_Task details_
Among the lines of the data, copy those that hold "also".

_Dataset entries_
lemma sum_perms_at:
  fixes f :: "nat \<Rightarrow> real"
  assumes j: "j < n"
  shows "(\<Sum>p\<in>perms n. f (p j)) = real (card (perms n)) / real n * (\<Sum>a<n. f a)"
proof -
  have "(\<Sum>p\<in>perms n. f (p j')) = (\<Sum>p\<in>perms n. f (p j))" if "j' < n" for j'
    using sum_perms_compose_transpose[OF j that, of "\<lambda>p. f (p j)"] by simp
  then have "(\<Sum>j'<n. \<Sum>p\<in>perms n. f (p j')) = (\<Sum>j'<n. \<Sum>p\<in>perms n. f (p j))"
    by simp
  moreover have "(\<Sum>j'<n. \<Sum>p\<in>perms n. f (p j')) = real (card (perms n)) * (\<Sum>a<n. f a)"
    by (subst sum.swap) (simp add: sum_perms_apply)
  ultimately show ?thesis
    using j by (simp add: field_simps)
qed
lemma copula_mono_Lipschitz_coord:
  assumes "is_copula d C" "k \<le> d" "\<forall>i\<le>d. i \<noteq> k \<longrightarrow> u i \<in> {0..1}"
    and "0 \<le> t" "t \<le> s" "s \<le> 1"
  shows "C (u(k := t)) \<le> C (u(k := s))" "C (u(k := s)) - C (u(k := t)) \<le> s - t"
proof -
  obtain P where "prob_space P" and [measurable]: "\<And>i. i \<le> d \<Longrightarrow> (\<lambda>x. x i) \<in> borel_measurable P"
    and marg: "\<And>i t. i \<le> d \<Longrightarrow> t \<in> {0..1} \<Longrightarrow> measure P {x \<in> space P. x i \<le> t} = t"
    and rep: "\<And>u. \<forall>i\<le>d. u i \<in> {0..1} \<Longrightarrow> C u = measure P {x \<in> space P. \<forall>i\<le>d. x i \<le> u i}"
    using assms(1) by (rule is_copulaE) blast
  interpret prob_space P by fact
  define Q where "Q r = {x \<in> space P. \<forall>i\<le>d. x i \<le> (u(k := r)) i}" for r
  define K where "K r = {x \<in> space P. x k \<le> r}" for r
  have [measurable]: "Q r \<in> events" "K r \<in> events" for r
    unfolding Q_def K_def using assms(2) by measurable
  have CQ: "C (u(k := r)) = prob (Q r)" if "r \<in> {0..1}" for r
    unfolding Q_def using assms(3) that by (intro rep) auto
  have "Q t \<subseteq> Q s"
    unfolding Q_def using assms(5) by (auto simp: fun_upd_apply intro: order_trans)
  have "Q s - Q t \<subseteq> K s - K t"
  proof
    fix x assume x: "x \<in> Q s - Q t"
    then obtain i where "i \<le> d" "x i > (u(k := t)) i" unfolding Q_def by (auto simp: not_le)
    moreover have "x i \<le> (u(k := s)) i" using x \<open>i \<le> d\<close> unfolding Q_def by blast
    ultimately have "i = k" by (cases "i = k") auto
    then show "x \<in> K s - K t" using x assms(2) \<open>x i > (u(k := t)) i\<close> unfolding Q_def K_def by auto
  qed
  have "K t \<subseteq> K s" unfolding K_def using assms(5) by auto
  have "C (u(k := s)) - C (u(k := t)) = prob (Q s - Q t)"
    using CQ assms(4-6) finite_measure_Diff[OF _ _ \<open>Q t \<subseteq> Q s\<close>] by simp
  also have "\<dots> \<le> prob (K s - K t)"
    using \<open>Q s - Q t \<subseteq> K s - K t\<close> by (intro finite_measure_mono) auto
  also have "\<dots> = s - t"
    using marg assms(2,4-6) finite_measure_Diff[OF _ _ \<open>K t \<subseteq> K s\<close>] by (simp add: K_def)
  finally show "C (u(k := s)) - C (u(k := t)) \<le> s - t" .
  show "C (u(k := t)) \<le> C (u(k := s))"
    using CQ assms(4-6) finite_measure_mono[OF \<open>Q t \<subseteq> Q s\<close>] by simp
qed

_Answer space_
  also have "\<dots> \<le> prob (K s - K t)"
  also have "\<dots> = s - t"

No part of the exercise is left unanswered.